In a previous study, the Barton lab had conducted similar experiments with Endonuclease III (EndoIII), a repair protein that removes damaged bases. They found that like XPD, EndoIII redistributes itself so that it can home in on mismatches in DNA, and that mutant forms of EndoIII that cannot participate in charge transfer do not relocalize.
In the new study, the researchers were also able to show that mixtures of EndoIII and XPD were able to coordinate in order to relocate onto the mismatched strands of DNA. The team was working with EndoIII from the bacteria Escherichia coli and XPD from a microorganism called Sulfolobus acidocaldarius.
"Our findings suggest that these two proteins are able to signal one another in order to zero in on a lesion," Sontz says. "They're from different DNA-repair pathways and from totally separate organisms, which is really neat.

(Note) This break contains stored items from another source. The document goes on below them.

text \<open>The last conjunct holds in every reachable state; it is what lets plainness of
  N2 identify a running transition of N2 by its label.\<close>

definition st_lift_rel ::
  "('s1, 't1, 'a) pnet \<Rightarrow> ('s2, 't2, 'a) pnet
   \<Rightarrow> (('s1 \<Rightarrow> nat) \<times> 't1 multiset \<Rightarrow> ('s2 \<Rightarrow> nat) \<times> 't2 multiset \<Rightarrow> bool)
   \<Rightarrow> ('s1 \<Rightarrow> nat) \<times> 't1 list \<Rightarrow> ('s2 \<Rightarrow> nat) \<times> 't2 list \<Rightarrow> bool" where
  "st_lift_rel N1 N2 B x y \<longleftrightarrow>
     B (split_of x) (split_of y) \<and> map (lab N1) (snd x) = map (lab N2) (snd y) \<and>
     set (snd y) \<subseteq> trans N2"

lemma st_lift_rel_step:
  assumes "st_lift_rel N1 N2 B x y" and "st_step N1 x \<alpha> x'" and "st_step N2 y \<alpha> y'"
    and "B (split_of x') (split_of y')"
  shows "st_lift_rel N1 N2 B x' y'"
  using assms st_step_labels[OF assms(2)] st_step_labels[OF assms(3)]
    st_step_running_trans[OF assms(3)]
  unfolding st_lift_rel_def by simp

lemma st_lift_rel_answer:
  assumes plain: "plain N2"
    and transfer: "bb_transfer (split_step N1) (split_step N2) SPTau B"
    and rel: "st_lift_rel N1 N2 B x y" and step: "st_step N1 x \<alpha> x'"
  shows "(\<alpha> = STTau \<and> st_lift_rel N1 N2 B x' y) \<or>
         (\<exists>y'. st_step N2 y \<alpha> y' \<and> st_lift_rel N1 N2 B x' y')"
proof -
  from rel have related: "B (split_of x) (split_of y)"
    and labels: "map (lab N1) (snd x) = map (lab N2) (snd y)"
    and running: "set (snd y) \<subseteq> trans N2"
    unfolding st_lift_rel_def by auto
  obtain qd q' where taus: "(\<lambda>p p'. split_step N2 p SPTau p')\<^sup>*\<^sup>* (split_of y) qd"
    and answer: "split_step N2 qd (split_label_of \<alpha>) q' \<or> (split_label_of \<alpha> = SPTau \<and> q' = qd)"
    and related': "B (split_of x') q'"
    using transfer[unfolded bb_transfer_def, rule_format,
        OF conjI[OF related st_step_split_step[OF step]]]
    by blast
  have "qd = split_of y" using rtranclp_no_steps[OF _ taus] plain_split_tau_free[OF plain] by blast
  with answer have answer: "split_step N2 (split_of y) (split_label_of \<alpha>) q' \<or>
      (\<alpha> = STTau \<and> q' = split_of y)" by simp
  show ?thesis
  proof (cases \<alpha>)
    case STTau
    then have "q' = split_of y" using answer plain_split_tau_free[OF plain] by auto
    moreover have "map (lab N1) (snd x') = map (lab N1) (snd x)"
      using st_step_labels[OF step] STTau by simp
    ultimately show ?thesis using STTau related' labels running unfolding st_lift_rel_def by simp
  next
    case (STPlus a)
    then obtain \<beta> y' where "st_step N2 y \<beta> y'" "split_label_of \<beta> = SPPlus a" "split_of y' = q'"
      using answer split_step_lift by fastforce
    then have y': "st_step N2 y \<alpha> y'" and "q' = split_of y'" using STPlus by auto
    then have "st_lift_rel N1 N2 B x' y'" using st_lift_rel_step[OF rel step y'] related' by simp
    then show ?thesis using y' by blast
  next
    case (STMinus a n)
    then obtain y' where y': "st_step N2 y \<alpha> y'"
      using st_minus_step_by_labels[OF labels] step by blast
    then have "q' = split_of y'"
      using plain_split_minus_step[OF plain running] answer STMinus by auto
    then have "st_lift_rel N1 N2 B x' y'" using st_lift_rel_step[OF rel step y'] related' by simp
    then show ?thesis using y' by blast
  qed
qed

lemma bb_transfer_st_lift_rel:
  assumes "plain N2" and "bb_transfer (split_step N1) (split_step N2) SPTau B"
  shows "bb_transfer (st_step N1) (st_step N2) STTau (st_lift_rel N1 N2 B)"
  unfolding bb_transfer_def
proof (intro allI impI, elim conjE)
  fix x y \<alpha> x'
  assume "st_lift_rel N1 N2 B x y" and "st_step N1 x \<alpha> x'"
  then have "(\<alpha> = STTau \<and> st_lift_rel N1 N2 B x' y) \<or>
      (\<exists>y'. st_step N2 y \<alpha> y' \<and> st_lift_rel N1 N2 B x' y')"
    using st_lift_rel_answer assms by blast
  then show "\<exists>yd y'. (\<lambda>p p'. st_step N2 p STTau p')\<^sup>*\<^sup>* y yd \<and>
      (st_step N2 yd \<alpha> y' \<or> \<alpha> = STTau \<and> y' = yd) \<and>
      st_lift_rel N1 N2 B x yd \<and> st_lift_rel N1 N2 B x' y'"
    using \<open>st_lift_rel N1 N2 B x y\<close> by blast
qed

lemma bb_transfer_st_lift_rel_converse:
  assumes plain: "plain N2"
    and forth_transfer: "bb_transfer (split_step N1) (split_step N2) SPTau B"
    and back_transfer: "bb_transfer (split_step N2) (split_step N1) SPTau (\<lambda>q p. B p q)"
  shows "bb_transfer (st_step N2) (st_step N1) STTau (\<lambda>y x. st_lift_rel N1 N2 B x y)"
  unfolding bb_transfer_def
proof (intro allI impI, elim conjE)
  fix y x \<alpha> y'
  assume rel: "st_lift_rel N1 N2 B x y" and step: "st_step N2 y \<alpha> y'"
  then have related: "B (split_of x) (split_of y)"
    and labels: "map (lab N1) (snd x) = map (lab N2) (snd y)"
    unfolding st_lift_rel_def by auto
  show "\<exists>xd x'. (\<lambda>p p'. st_step N1 p STTau p')\<^sup>*\<^sup>* x xd \<and>
      (st_step N1 xd \<alpha> x' \<or> \<alpha> = STTau \<and> x' = xd) \<and>
      st_lift_rel N1 N2 B xd y \<and> st_lift_rel N1 N2 B x' y'"
  proof (cases \<alpha>)
    case STTau
    then show ?thesis using step plain_st_tau_free[OF plain] by blast
  next
    case (STMinus a n)
    then obtain x' where x': "st_step N1 x \<alpha> x'"
      using st_minus_step_by_labels[OF labels[symmetric]] step by blast
    then obtain y'' where "st_step N2 y \<alpha> y''" and "st_lift_rel N1 N2 B x' y''"
      using st_lift_rel_answer[OF plain forth_transfer rel] STMinus by blast
    moreover have "y'' = y'"
      using st_minus_step_deterministic[of N2 y a n y'' y'] calculation(1) step STMinus by simp
    ultimately show ?thesis using rel x' by (intro exI[of _ x] exI[of _ x']) simp
  next
    case (STPlus a)
    obtain pd p' where taus: "(\<lambda>p p'. split_step N1 p SPTau p')\<^sup>*\<^sup>* (split_of x) pd"
      and answer: "split_step N1 pd (SPPlus a) p' \<or> (SPPlus a = SPTau \<and> p' = pd)"
      and related': "B pd (split_of y)" "B p' (split_of y')"
      using back_transfer[unfolded bb_transfer_def, rule_format,
          OF conjI[OF related st_step_split_step[OF step]]]
        STPlus by (auto simp only: split_label_of.simps)
    obtain xd where xd: "(\<lambda>p p'. st_step N1 p STTau p')\<^sup>*\<^sup>* x xd"
        "split_of xd = pd" "snd xd = snd x"
      using split_tau_steps_lift[OF taus] by blast
    then obtain \<beta> x' where "st_step N1 xd \<beta> x'" "split_label_of \<beta> = SPPlus a" "split_of x' = p'"
      using answer split_step_lift by fastforce
    then have x': "st_step N1 xd \<alpha> x'" using STPlus by simp
    have "st_lift_rel N1 N2 B xd y" using rel related' xd unfolding st_lift_rel_def by simp
    moreover have "st_lift_rel N1 N2 B x' y'"
      using st_lift_rel_step[OF calculation x' step] related' \<open>split_of x' = p'\<close> by simp
    ultimately show ?thesis using xd(1) x' by (intro exI[of _ xd] exI[of _ x']) simp
  qed
qed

That's what's really opening the door for a lot of future studies. If EndoIII and XPD can do this, there are probably many other proteins from a variety of organisms that are also able to send or receive charge through DNA."
Coauthor and graduate student Tim Mui adds that this kind of cooperation between tested proteins that are normally completely isolated from one another could indicate that the mechanism has been conserved by organisms across evolutionary history. "It's kind of remarkable that these proteins, which should never ever be in contact with one another, can actually coordinate to do this," he says.
The key to this coordination seems to be that the two types of proteins have comparable electrical potentials when bound to DNA, meaning that they are similar in their likelihood to gain or lose electrons. "We're finding that one of the requirements for a protein to potentially participate in this process is that as it binds to DNA, it has to have a similar potential to other proteins, so that it can release an electron that can shuttle through the DNA to another protein," Sontz says. "If the two proteins are not at similar potentials, you're not going to get accurate cooperation."
The proteins have this ability to send and receive electrons because they contain what are called redox-active iron-sulfur clusters. Both XPD and EndoIII contain four-iron, four-sulfur clusters that play no clear structural role in the proteins but contain metals that can easily gain or lose an electron as they bind DNA. "It's really difficult for the cell to build these clusters," Mui says. "So there is a thought that they must play a significant role in something else, which could be this mechanism to locate lesions within the DNA."